◆ **Task item**: Write out once more the lines running from the top of the entries below to the line with "using assms by", both ends included.

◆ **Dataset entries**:
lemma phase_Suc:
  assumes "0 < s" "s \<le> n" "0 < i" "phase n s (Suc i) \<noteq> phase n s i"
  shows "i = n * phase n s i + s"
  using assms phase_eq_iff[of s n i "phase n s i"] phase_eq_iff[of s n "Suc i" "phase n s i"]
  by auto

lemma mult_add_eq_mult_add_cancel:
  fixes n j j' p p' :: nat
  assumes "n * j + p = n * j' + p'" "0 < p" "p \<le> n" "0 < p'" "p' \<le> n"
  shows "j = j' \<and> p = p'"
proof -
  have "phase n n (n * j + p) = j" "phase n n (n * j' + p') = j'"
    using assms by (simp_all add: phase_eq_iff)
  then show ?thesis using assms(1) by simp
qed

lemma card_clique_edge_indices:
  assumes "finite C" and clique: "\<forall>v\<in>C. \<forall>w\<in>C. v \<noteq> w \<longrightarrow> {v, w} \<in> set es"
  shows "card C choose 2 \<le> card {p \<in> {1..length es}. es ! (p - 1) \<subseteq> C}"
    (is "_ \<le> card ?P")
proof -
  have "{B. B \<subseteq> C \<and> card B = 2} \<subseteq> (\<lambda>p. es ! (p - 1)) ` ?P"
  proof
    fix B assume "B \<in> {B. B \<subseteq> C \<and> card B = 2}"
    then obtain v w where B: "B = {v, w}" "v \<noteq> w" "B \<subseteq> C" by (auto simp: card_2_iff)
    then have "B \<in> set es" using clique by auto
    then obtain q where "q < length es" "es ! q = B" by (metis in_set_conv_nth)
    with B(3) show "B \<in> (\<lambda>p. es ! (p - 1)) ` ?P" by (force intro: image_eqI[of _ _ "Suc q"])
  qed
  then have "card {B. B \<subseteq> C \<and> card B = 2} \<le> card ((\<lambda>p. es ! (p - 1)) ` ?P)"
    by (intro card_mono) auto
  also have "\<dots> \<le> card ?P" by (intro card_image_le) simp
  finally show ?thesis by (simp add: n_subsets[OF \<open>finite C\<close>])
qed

◆ **Your response**:
lemma phase_Suc:
  assumes "0 < s" "s \<le> n" "0 < i" "phase n s (Suc i) \<noteq> phase n s i"
  shows "i = n * phase n s i + s"
  using assms phase_eq_iff[of s n i "phase n s i"] phase_eq_iff[of s n "Suc i" "phase n s i"]
  by auto

lemma mult_add_eq_mult_add_cancel:
  fixes n j j' p p' :: nat
  assumes "n * j + p = n * j' + p'" "0 < p" "p \<le> n" "0 < p'" "p' \<le> n"
  shows "j = j' \<and> p = p'"
proof -
  have "phase n n (n * j + p) = j" "phase n n (n * j' + p') = j'"
    using assms by (simp_all add: phase_eq_iff)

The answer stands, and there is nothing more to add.